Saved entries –
--- START ---
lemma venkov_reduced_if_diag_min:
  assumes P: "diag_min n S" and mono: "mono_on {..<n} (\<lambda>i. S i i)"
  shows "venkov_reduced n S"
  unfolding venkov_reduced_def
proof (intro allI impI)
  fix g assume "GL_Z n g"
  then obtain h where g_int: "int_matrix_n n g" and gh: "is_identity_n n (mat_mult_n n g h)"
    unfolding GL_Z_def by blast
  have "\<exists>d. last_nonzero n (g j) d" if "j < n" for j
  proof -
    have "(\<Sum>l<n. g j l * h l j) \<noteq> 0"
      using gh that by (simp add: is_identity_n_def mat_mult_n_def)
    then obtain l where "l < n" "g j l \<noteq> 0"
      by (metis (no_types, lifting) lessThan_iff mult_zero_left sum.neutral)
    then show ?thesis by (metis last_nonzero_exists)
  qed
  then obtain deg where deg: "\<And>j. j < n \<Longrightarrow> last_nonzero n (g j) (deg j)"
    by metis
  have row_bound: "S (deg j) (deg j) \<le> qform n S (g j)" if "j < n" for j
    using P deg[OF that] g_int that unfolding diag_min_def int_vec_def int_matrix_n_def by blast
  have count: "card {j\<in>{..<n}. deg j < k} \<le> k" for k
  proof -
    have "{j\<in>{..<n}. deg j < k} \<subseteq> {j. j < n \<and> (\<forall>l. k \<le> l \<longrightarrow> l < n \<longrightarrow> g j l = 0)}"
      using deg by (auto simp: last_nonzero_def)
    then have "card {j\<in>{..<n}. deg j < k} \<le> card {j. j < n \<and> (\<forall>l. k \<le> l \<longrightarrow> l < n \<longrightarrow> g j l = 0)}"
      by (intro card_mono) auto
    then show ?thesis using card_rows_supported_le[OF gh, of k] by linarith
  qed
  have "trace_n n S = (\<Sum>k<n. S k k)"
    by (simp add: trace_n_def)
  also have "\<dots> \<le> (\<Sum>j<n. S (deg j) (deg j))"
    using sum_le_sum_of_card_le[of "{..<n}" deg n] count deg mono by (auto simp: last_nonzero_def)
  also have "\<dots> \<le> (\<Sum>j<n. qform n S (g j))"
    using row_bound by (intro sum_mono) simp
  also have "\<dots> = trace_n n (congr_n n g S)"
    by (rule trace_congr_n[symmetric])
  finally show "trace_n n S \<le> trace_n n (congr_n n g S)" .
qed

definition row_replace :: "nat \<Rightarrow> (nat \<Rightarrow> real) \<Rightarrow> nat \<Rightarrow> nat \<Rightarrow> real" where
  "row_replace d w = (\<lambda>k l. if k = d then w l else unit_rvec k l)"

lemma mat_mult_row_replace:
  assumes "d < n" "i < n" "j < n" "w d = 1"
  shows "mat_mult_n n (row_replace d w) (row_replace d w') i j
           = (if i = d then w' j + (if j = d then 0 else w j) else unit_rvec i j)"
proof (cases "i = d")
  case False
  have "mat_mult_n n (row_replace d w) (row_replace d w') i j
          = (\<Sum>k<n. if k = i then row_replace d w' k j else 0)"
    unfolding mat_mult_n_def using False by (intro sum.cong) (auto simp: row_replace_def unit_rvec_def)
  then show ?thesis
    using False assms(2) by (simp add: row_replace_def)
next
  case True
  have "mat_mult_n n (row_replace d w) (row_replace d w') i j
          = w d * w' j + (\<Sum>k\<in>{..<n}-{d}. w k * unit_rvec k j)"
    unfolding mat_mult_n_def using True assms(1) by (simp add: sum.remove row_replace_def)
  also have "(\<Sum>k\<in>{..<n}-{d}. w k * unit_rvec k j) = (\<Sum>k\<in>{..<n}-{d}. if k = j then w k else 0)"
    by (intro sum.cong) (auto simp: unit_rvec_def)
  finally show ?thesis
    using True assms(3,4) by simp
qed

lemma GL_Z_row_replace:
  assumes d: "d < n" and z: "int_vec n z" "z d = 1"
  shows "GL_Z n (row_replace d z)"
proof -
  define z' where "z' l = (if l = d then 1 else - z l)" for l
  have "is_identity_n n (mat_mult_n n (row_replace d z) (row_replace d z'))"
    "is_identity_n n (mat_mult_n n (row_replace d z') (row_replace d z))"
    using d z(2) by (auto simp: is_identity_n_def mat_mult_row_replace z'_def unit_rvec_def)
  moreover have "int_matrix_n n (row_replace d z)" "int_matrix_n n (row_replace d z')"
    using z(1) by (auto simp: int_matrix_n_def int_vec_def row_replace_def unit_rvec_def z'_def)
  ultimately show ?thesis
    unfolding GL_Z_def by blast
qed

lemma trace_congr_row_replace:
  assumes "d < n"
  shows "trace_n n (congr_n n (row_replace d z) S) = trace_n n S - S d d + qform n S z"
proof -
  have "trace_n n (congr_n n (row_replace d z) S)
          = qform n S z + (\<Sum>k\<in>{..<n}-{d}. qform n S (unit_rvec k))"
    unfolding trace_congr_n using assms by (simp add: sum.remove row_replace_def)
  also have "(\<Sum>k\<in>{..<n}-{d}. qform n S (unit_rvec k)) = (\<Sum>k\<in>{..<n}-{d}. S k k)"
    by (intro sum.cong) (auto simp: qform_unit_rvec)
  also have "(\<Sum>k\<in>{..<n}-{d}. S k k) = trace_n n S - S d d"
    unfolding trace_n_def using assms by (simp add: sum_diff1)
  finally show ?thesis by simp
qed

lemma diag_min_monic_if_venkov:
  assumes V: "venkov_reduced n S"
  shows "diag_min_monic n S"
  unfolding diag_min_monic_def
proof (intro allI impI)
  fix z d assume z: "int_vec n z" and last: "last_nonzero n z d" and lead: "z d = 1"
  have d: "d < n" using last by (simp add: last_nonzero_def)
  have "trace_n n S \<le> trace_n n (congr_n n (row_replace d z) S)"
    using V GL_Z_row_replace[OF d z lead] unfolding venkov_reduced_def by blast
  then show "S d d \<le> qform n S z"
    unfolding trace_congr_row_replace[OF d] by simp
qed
--- END ---
Task statement – Return, unchanged, the run of lines above that opens with the line containing "mono by (auto simp: last_nonzero_def)" and closes with the line containing "(\<Sum>k<n. if k". Include both.

Response to the task –
    using sum_le_sum_of_card_le[of "{..<n}" deg n] count deg mono by (auto simp: last_nonzero_def)
  also have "\<dots> \<le> (\<Sum>j<n. qform n S (g j))"
    using row_bound by (intro sum_mono) simp
  also have "\<dots> = trace_n n (congr_n n g S)"
    by (rule trace_congr_n[symmetric])
  finally show "trace_n n S \<le> trace_n n (congr_n n g S)" .
qed

definition row_replace :: "nat \<Rightarrow> (nat \<Rightarrow> real) \<Rightarrow> nat \<Rightarrow> nat \<Rightarrow> real" where
  "row_replace d w = (\<lambda>k l. if k = d then w l else unit_rvec k l)"

lemma mat_mult_row_replace:
  assumes "d < n" "i < n" "j < n" "w d = 1"
  shows "mat_mult_n n (row_replace d w) (row_replace d w') i j
           = (if i = d then w' j + (if j = d then 0 else w j) else unit_rvec i j)"
proof (cases "i = d")
  case False
  have "mat_mult_n n (row_replace d w) (row_replace d w') i j
          = (\<Sum>k<n. if k = i then row_replace d w' k j else 0)"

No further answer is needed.